■ **THE PROBLEM**
Everything from the line containing "(simp add: admissible_A_def)" through the line containing "cycle_quiver_source_ne_sink[OF cq x y])" should be repeated exactly, and nothing else from the data.

■ **SOURCE DATA**
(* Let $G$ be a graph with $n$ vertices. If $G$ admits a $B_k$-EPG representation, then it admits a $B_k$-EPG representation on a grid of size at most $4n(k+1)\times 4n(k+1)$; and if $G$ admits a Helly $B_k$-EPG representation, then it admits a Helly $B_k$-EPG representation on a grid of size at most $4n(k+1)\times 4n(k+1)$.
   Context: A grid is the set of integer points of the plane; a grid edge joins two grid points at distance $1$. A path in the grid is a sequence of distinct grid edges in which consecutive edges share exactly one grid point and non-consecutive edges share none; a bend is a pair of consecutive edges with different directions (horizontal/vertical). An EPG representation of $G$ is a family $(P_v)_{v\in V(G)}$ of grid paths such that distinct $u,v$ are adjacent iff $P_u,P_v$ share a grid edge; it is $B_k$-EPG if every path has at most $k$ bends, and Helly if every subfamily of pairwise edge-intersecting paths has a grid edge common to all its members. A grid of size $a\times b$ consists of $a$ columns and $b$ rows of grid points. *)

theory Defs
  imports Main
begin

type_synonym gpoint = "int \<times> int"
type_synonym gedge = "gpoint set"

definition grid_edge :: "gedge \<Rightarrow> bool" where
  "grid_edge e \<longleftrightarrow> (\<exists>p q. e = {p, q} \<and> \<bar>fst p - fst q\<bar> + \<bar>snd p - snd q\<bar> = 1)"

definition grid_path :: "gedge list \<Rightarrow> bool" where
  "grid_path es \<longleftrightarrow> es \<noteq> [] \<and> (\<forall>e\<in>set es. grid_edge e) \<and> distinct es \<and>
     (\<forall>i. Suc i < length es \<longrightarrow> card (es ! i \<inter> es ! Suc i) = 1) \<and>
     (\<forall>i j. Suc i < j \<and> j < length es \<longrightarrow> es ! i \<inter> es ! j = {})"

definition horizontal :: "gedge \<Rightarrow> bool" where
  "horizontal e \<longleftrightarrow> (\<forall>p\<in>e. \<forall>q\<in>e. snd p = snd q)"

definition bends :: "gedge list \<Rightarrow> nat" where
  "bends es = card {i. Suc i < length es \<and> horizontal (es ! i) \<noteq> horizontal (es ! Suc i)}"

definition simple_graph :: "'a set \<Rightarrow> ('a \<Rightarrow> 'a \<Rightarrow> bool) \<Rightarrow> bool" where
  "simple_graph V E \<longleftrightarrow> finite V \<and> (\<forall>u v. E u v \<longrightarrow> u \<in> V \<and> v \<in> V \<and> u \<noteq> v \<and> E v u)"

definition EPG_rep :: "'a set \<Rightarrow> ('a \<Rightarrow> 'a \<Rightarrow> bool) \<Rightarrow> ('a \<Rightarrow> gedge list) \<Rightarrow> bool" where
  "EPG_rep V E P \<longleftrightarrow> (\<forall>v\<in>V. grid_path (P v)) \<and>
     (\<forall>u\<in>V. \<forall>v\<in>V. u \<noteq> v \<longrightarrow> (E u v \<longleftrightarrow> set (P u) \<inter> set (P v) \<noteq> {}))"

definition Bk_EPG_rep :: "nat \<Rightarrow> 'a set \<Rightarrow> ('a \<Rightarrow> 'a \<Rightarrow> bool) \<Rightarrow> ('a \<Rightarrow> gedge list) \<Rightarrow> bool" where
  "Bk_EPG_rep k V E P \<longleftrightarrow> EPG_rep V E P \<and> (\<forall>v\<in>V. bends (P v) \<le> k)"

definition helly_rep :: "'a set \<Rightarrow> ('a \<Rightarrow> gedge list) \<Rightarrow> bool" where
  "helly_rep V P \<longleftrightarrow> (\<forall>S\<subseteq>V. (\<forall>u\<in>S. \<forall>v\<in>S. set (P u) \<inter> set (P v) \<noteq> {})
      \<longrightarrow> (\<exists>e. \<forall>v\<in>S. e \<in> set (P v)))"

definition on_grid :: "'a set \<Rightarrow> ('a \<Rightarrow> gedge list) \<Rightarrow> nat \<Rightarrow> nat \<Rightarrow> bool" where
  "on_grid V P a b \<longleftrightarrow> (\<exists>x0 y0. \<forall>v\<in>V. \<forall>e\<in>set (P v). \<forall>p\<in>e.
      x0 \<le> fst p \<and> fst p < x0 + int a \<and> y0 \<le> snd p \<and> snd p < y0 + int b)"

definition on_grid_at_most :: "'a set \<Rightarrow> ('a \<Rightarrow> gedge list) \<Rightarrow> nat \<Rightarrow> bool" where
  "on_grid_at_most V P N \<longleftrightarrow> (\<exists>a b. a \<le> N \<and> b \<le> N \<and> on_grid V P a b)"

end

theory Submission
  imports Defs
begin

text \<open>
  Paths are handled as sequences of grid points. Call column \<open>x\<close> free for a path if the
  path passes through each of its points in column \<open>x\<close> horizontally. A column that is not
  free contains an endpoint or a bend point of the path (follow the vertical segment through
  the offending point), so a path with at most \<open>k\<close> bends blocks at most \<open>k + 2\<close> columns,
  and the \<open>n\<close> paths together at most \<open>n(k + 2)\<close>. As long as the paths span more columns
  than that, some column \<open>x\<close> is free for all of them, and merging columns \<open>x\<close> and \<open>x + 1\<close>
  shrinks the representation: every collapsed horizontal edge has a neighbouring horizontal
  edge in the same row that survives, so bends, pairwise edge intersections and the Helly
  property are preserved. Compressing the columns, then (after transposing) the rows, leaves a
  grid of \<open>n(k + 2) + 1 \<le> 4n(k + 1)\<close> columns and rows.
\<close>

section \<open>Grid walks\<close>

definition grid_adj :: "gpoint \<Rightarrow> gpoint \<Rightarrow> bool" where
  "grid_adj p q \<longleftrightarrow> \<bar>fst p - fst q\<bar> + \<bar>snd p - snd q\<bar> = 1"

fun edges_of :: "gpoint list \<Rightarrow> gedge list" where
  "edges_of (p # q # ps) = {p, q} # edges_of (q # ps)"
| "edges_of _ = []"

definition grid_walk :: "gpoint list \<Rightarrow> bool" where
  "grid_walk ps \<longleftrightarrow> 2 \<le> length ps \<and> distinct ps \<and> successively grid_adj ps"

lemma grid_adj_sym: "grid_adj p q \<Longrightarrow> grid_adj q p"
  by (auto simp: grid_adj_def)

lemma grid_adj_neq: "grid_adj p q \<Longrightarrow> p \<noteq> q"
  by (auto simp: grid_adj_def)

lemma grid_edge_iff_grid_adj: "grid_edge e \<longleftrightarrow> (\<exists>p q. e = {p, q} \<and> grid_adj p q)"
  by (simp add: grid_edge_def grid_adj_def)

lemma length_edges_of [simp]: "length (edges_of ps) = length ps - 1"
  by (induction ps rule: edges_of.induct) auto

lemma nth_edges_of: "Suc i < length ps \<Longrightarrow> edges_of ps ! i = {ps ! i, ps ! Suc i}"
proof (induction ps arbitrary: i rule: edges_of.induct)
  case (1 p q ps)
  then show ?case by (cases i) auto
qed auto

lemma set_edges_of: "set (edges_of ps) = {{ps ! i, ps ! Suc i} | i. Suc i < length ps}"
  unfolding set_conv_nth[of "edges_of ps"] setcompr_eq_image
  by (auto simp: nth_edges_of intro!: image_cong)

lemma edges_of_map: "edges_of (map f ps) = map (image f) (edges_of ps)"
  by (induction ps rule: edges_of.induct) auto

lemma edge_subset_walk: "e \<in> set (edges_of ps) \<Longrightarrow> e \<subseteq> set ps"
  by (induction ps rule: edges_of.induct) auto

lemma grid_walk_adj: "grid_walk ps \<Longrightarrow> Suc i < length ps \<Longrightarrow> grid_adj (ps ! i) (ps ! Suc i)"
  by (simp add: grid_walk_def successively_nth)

--

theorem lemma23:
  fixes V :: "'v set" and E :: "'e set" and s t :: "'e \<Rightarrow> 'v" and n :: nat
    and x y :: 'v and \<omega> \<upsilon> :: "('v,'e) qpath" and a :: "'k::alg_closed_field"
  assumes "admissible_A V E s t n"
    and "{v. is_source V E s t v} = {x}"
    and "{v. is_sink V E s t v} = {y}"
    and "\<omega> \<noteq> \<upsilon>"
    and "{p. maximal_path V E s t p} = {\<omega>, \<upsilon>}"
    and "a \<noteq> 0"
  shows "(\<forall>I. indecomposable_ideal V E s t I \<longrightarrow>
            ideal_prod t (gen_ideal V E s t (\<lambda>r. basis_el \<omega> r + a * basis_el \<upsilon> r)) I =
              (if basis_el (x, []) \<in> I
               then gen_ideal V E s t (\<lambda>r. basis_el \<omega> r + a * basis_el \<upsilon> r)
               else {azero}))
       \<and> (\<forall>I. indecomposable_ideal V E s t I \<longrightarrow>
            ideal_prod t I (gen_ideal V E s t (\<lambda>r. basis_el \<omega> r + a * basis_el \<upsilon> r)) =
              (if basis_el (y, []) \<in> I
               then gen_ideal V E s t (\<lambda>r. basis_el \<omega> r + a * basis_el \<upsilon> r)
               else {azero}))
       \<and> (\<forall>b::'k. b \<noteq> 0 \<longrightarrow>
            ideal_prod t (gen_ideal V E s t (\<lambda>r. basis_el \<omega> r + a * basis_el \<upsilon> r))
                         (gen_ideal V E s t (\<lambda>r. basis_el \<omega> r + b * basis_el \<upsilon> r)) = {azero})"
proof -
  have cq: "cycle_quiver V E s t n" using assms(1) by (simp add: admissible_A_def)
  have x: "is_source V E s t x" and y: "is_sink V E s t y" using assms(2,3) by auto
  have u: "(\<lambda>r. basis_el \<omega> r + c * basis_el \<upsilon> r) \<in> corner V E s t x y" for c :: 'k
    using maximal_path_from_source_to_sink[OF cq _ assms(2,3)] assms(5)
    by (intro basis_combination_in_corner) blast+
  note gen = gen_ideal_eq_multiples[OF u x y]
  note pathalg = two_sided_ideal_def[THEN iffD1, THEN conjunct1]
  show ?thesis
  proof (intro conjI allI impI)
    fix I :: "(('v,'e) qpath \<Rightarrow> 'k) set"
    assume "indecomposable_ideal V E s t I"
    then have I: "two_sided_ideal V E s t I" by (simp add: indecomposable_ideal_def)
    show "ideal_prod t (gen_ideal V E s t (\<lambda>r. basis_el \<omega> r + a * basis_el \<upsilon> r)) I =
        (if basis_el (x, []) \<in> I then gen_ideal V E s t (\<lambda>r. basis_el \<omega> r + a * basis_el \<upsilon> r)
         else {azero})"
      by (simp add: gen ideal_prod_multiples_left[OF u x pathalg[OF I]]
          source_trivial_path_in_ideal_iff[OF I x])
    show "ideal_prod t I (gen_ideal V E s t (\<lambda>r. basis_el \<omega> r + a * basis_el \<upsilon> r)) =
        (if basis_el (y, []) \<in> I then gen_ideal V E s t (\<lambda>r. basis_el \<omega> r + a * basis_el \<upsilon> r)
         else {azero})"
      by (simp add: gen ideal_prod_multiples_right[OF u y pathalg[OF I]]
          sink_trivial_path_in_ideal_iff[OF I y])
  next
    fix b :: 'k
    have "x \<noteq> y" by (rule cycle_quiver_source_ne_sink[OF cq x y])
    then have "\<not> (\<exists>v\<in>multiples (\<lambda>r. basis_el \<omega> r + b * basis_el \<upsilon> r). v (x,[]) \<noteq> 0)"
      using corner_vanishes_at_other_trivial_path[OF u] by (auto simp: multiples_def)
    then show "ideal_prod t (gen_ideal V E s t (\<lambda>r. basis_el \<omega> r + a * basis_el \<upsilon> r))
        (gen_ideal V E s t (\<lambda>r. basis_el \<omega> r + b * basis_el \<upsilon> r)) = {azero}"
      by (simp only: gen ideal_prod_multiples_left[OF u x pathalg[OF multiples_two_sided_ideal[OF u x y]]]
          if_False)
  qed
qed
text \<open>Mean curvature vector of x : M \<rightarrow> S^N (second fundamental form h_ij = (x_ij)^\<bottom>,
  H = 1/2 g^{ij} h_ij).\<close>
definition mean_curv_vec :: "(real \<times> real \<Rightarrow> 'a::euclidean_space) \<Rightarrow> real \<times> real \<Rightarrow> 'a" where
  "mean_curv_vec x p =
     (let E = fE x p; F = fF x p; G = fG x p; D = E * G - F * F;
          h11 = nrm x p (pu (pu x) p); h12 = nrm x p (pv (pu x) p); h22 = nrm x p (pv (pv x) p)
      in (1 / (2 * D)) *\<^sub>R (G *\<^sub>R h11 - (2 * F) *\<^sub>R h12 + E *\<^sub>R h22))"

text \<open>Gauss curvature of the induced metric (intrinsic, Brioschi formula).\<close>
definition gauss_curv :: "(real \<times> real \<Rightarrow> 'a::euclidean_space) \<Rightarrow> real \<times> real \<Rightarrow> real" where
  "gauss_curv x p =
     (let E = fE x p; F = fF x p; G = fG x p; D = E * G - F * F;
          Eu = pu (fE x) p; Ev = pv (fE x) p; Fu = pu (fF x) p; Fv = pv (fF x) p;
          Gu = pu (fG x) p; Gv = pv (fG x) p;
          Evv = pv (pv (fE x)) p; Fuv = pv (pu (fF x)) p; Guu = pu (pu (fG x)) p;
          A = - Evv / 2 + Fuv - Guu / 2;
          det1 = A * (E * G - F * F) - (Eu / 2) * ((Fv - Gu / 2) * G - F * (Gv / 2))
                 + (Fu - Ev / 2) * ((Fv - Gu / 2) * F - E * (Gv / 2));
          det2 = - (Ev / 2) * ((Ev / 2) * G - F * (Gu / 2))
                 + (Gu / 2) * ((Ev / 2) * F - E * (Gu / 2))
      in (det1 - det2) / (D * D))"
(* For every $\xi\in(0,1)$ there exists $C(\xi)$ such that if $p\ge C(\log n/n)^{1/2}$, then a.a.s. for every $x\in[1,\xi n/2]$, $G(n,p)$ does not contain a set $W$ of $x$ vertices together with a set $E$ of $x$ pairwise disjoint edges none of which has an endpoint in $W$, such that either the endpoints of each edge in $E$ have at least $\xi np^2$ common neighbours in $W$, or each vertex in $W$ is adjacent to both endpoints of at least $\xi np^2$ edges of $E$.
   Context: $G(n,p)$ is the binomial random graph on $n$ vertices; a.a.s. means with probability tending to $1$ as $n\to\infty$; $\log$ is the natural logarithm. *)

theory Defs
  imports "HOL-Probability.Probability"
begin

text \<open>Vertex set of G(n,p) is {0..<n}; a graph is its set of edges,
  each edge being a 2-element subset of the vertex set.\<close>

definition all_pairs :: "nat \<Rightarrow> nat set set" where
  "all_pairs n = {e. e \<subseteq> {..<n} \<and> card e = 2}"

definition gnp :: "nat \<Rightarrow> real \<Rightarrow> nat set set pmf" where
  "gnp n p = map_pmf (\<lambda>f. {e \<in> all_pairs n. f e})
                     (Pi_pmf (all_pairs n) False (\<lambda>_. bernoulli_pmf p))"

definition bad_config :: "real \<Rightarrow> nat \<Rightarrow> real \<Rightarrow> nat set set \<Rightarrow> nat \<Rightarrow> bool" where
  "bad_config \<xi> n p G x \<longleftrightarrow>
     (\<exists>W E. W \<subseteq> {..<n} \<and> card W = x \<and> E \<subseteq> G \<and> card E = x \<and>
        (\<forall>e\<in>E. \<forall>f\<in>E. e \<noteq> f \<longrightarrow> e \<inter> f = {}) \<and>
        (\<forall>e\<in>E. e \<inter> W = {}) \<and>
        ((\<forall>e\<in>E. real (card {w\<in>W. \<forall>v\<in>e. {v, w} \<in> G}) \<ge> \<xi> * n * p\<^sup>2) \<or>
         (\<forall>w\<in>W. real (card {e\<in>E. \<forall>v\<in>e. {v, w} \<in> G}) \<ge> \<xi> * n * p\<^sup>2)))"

* * *

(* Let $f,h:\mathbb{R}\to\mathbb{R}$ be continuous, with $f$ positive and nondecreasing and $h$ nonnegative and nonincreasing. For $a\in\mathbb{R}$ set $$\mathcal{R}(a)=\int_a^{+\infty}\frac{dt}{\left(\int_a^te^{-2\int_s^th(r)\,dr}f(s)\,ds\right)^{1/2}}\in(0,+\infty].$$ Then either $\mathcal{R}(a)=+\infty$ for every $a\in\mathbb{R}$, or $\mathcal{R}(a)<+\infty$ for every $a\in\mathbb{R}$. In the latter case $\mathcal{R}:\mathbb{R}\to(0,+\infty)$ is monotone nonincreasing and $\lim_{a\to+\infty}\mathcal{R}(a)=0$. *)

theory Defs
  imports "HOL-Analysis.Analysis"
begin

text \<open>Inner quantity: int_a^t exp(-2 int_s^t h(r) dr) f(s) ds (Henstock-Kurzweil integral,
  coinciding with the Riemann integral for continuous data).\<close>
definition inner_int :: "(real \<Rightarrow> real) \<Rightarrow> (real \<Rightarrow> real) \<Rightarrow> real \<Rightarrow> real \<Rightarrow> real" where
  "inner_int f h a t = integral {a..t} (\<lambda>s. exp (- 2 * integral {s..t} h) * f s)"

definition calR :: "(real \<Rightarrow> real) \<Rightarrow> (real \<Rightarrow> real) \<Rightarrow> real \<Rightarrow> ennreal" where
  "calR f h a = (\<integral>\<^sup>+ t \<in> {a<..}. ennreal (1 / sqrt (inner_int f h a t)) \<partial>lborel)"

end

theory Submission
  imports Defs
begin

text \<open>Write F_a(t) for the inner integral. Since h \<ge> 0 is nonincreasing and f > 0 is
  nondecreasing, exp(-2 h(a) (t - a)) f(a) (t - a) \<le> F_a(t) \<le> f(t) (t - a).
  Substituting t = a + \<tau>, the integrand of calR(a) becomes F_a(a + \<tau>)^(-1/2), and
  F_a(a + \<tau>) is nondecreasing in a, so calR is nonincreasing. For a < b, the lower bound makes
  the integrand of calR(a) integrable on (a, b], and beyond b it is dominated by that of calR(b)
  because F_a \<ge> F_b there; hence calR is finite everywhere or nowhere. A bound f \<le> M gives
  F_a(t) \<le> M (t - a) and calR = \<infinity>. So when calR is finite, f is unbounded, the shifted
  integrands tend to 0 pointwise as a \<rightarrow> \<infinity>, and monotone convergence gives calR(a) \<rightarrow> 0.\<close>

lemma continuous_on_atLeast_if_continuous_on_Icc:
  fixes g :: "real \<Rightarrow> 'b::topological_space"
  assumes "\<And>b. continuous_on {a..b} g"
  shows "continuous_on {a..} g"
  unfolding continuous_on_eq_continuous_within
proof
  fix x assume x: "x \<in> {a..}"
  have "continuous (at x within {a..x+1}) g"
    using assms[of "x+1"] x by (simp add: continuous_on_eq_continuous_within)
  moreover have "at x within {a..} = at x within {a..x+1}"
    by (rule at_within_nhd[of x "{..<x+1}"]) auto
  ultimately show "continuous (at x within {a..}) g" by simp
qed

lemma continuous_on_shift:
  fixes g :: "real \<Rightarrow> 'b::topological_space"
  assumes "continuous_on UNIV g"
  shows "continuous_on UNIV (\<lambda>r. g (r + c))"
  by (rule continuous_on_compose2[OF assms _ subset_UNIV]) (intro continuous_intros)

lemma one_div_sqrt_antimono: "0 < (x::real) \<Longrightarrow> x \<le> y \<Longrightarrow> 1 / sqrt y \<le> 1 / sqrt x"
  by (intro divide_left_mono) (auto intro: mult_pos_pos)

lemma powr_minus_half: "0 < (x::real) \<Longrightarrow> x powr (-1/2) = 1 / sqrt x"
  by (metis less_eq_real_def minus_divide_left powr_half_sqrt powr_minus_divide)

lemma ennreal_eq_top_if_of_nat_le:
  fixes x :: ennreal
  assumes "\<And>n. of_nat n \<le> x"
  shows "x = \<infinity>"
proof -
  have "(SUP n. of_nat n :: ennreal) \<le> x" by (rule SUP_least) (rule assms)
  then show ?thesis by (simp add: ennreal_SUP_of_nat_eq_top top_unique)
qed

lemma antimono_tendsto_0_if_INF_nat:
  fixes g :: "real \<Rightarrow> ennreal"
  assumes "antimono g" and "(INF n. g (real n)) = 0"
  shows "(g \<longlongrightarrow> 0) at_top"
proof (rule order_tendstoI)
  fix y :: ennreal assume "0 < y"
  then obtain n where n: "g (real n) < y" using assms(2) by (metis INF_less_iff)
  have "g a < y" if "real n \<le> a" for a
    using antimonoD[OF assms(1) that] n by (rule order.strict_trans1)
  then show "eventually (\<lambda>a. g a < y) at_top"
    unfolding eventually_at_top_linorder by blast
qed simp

■ **TASK RESULT**
  have cq: "cycle_quiver V E s t n" using assms(1) by (simp add: admissible_A_def)
  have x: "is_source V E s t x" and y: "is_sink V E s t y" using assms(2,3) by auto
  have u: "(\<lambda>r. basis_el \<omega> r + c * basis_el \<upsilon> r) \<in> corner V E s t x y" for c :: 'k
    using maximal_path_from_source_to_sink[OF cq _ assms(2,3)] assms(5)
    by (intro basis_combination_in_corner) blast+
  note gen = gen_ideal_eq_multiples[OF u x y]
  note pathalg = two_sided_ideal_def[THEN iffD1, THEN conjunct1]
  show ?thesis
  proof (intro conjI allI impI)
    fix I :: "(('v,'e) qpath \<Rightarrow> 'k) set"
    assume "indecomposable_ideal V E s t I"
    then have I: "two_sided_ideal V E s t I" by (simp add: indecomposable_ideal_def)
    show "ideal_prod t (gen_ideal V E s t (\<lambda>r. basis_el \<omega> r + a * basis_el \<upsilon> r)) I =
        (if basis_el (x, []) \<in> I then gen_ideal V E s t (\<lambda>r. basis_el \<omega> r + a * basis_el \<upsilon> r)
         else {azero})"
      by (simp add: gen ideal_prod_multiples_left[OF u x pathalg[OF I]]
          source_trivial_path_in_ideal_iff[OF I x])
    show "ideal_prod t I (gen_ideal V E s t (\<lambda>r. basis_el \<omega> r + a * basis_el \<upsilon> r)) =
        (if basis_el (y, []) \<in> I then gen_ideal V E s t (\<lambda>r. basis_el \<omega> r + a * basis_el \<upsilon> r)
         else {azero})"
      by (simp add: gen ideal_prod_multiples_right[OF u y pathalg[OF I]]
          sink_trivial_path_in_ideal_iff[OF I y])
  next
    fix b :: 'k
    have "x \<noteq> y" by (rule cycle_quiver_source_ne_sink[OF cq x y])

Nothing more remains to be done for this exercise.